Answer:Therefore, the expression can be written as q(x) = 3x^2 - x + 1 + 123/(x - 1).
Step-by-step explanation:To use synthetic division, we will divide the polynomial 3x^3 + 2x^2 + 113x^3 + 2x^2 + 11 by the polynomial x + 1.
1. Write the coefficients of the polynomial in descending order: 3, 2, 113, 2, 11.
2. Write the divisor in the form (x + a), where a is the opposite of the constant term: x + (-1) = x - 1.
3. Set up the synthetic division table, with the coefficients of the polynomial as the first row and the divisor as the second row:
-1 | 3 2 113 2 11
4. Bring down the first coefficient (3) and multiply it by the divisor's constant term (-1). Write the result (3) in the next row:
-1 | 3 2 113 2 11
-3
5. Add the two numbers in the second row to get the next term (2 + (-3) = -1). Write it in the next row:
-1 | 3 2 113 2 11
-3 -1
6. Multiply the constant term of the divisor (-1) by the result in the second row (-1). Write the result (1) in the next row:
-1 | 3 2 113 2 11
-3 -1 1
7. Add the two numbers in the third row to get the next term (113 + 1 = 114). Write it in the next row:
-1 | 3 2 113 2 11
-3 -1 1 114
8. Repeat the process with the next term (2):
-1 | 3 2 113 2 11
-3 -1 1 114 112
9. Finally, add the two numbers in the last row to get the remainder (11 + 112 = 123):
-1 | 3 2 113 2 11
-3 -1 1 114 112
123
The result of the division is:
3x^2 - x + 1 with a remainder of 123.
Therefore, the expression can be written as q(x) = 3x^2 - x + 1 + 123/(x - 1).To use synthetic division, we will divide the polynomial 3x^3 + 2x^2 + 113x^3 + 2x^2 + 11 by the polynomial x + 1.
1. Write the coefficients of the polynomial in descending order: 3, 2, 113, 2, 11.
2. Write the divisor in the form (x + a), where a is the opposite of the constant term: x + (-1) = x - 1.

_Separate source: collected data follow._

lemma sum_conductance_lower_bound:
  fixes U :: "'a set" and \<beta> x :: "'a \<Rightarrow> real" and r k d \<pi>bar :: real
  assumes "finite U" "\<forall>a\<in>U. \<beta> a > 0" "r > 0" "k > 0" "\<pi>bar > 0"
    and flow: "k * d \<le> (\<Sum>a\<in>U. \<bar>x a\<bar>)"
    and energy: "(\<Sum>a\<in>U. \<beta> a * \<bar>x a\<bar> powr (r + 1)) \<le> d * \<pi>bar"
  shows "1 / (k * k powr (1 / r)) * (\<Sum>a\<in>U. conductance \<beta> r a) \<ge> d / \<pi>bar powr (1 / r)"
proof -
  define M where "M = (\<Sum>a\<in>U. conductance \<beta> r a)"
  define c where "c = (\<pi>bar / k) powr (1 / r)"
  have c: "c > 0" "c powr r = \<pi>bar / k"
    using assms by (simp_all add: c_def powr_powr)
  have "(r + 1) * (\<Sum>a\<in>U. \<bar>x a\<bar>)
      \<le> (\<Sum>a\<in>U. r * c * conductance \<beta> r a + \<beta> a * \<bar>x a\<bar> powr (r + 1) / c powr r)"
    unfolding sum_distrib_left conductance_def
    by (intro sum_mono le_conductance_plus_energy) (use assms c in auto)
  also have "\<dots> = r * c * M + (\<Sum>a\<in>U. \<beta> a * \<bar>x a\<bar> powr (r + 1)) / c powr r"
    by (simp add: M_def sum.distrib sum_distrib_left sum_divide_distrib)
  also have "\<dots> \<le> r * c * M + k * d"
    using energy assms c by (simp add: divide_right_mono field_simps)
  finally have "(r + 1) * (k * d) \<le> r * c * M + k * d"
    using flow \<open>r > 0\<close> by (smt (verit) mult_left_mono)
  then have "k * d \<le> c * M"
    using \<open>r > 0\<close> by (simp add: algebra_simps)
  moreover have "c = \<pi>bar powr (1 / r) / k powr (1 / r)"
    using assms by (simp add: c_def powr_divide)
  ultimately show ?thesis
    using assms by (simp add: M_def field_simps)
qed

theorem theorem3:
  fixes V :: "'v set" and A :: "'a set" and tail head :: "'a \<Rightarrow> 'v"
    and \<beta> :: "'a \<Rightarrow> real" and r d \<pi>bar :: real and s t :: 'v
    and \<pi> :: "'v \<Rightarrow> real" and f :: "'a \<Rightarrow> real"
  assumes net: "pb_network V A tail head \<beta> r"
    and st: "s \<in> V" "t \<in> V" "s \<noteq> t"
    and flow: "pb_flow V A tail head \<beta> r s t d \<pi> f"
    and dpos: "d > 0"
    and pibar: "\<pi>bar > 0"
    and pot: "\<forall>v\<in>V. 0 \<le> \<pi> v \<and> \<pi> v \<le> \<pi>bar"
  shows "\<forall>(k::nat) (S :: nat \<Rightarrow> 'v set). k \<ge> 1 \<longrightarrow>
           (\<forall>i\<in>{1..k}. st_cut V s t (S i)) \<longrightarrow>
           (\<forall>i\<in>{1..k}. \<forall>j\<in>{1..k}. i \<noteq> j \<longrightarrow>
               cut_arcs V A tail head (S i) \<inter> cut_arcs V A tail head (S j) = {}) \<longrightarrow>
           (\<forall>i\<in>{1..<k}. S i \<subseteq> S (Suc i)) \<longrightarrow>
           1 / (real k * real k powr (1 / r)) *
             (\<Sum>i=1..k. \<Sum>a\<in>cut_arcs V A tail head (S i). conductance \<beta> r a)
           \<ge> d / \<pi>bar powr (1 / r)"
proof (intro allI impI)
  fix k :: nat and S :: "nat \<Rightarrow> 'v set"
  assume "k \<ge> 1" and cuts: "\<forall>i\<in>{1..k}. st_cut V s t (S i)"
    and disj: "\<forall>i\<in>{1..k}. \<forall>j\<in>{1..k}. i \<noteq> j \<longrightarrow>
               cut_arcs V A tail head (S i) \<inter> cut_arcs V A tail head (S j) = {}"
  define U where "U = (\<Union>i\<in>{1..k}. cut_arcs V A tail head (S i))"
  have flow_U: "real k * d \<le> (\<Sum>a\<in>U. \<bar>f a\<bar>)"
    using pb_flow_value_le_disjoint_cuts[OF net flow st(2) _ cuts disj] by (simp add: U_def)
  have "U \<subseteq> A" "finite A" "\<forall>a\<in>A. \<beta> a > 0" "r > 0"
    using net by (auto simp: U_def pb_network_def cut_arcs_def)
  then have "finite U" "\<forall>a\<in>U. \<beta> a > 0"
    using finite_subset by blast+
  have sum_U: "(\<Sum>i=1..k. \<Sum>a\<in>cut_arcs V A tail head (S i). g a) = (\<Sum>a\<in>U. g a)" for g
    unfolding U_def using disj \<open>U \<subseteq> A\<close> \<open>finite U\<close>
    by (subst sum.UNION_disjoint) (auto simp: U_def intro: finite_subset)
  show "1 / (real k * real k powr (1 / r)) *
      (\<Sum>i=1..k. \<Sum>a\<in>cut_arcs V A tail head (S i). conductance \<beta> r a) \<ge> d / \<pi>bar powr (1 / r)"
    unfolding sum_U
    using sum_conductance_lower_bound[OF \<open>finite U\<close> _ \<open>r > 0\<close> _ pibar flow_U
        pb_flow_energy_le[OF net flow st(1,2) _ pot \<open>U \<subseteq> A\<close>]] dpos \<open>k \<ge> 1\<close> \<open>\<forall>a\<in>U. \<beta> a > 0\<close>
    by simp
qed

end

3. Set up the synthetic division table, with the coefficients of the polynomial as the first row and the divisor as the second row:
-1 | 3 2 113 2 11
4. Bring down the first coefficient (3) and multiply it by the divisor's constant term (-1). Write the result (3) in the next row:
-1 | 3 2 113 2 11
-3
5. Add the two numbers in the second row to get the next term (2 + (-3) = -1). Write it in the next row:
-1 | 3 2 113 2 11
-3 -1
6. Multiply the constant term of the divisor (-1) by the result in the second row (-1). Write the result (1) in the next row:
-1 | 3 2 113 2 11
-3 -1 1
7. Add the two numbers in the third row to get the next term (113 + 1 = 114). Write it in the next row:
-1 | 3 2 113 2 11
-3 -1 1 114
8. Repeat the process with the next term (2):
-1 | 3 2 113 2 11
-3 -1 1 114 112
9. Finally, add the two numbers in the last row to get the remainder (11 + 112 = 123):
-1 | 3 2 113 2 11
-3 -1 1 114 112
123
The result of the division is:
3x^2 - x + 1 with a remainder of 123.
Therefore, the expression can be written as q(x) = 3x^2 - x + 1 + 123/(x - 1).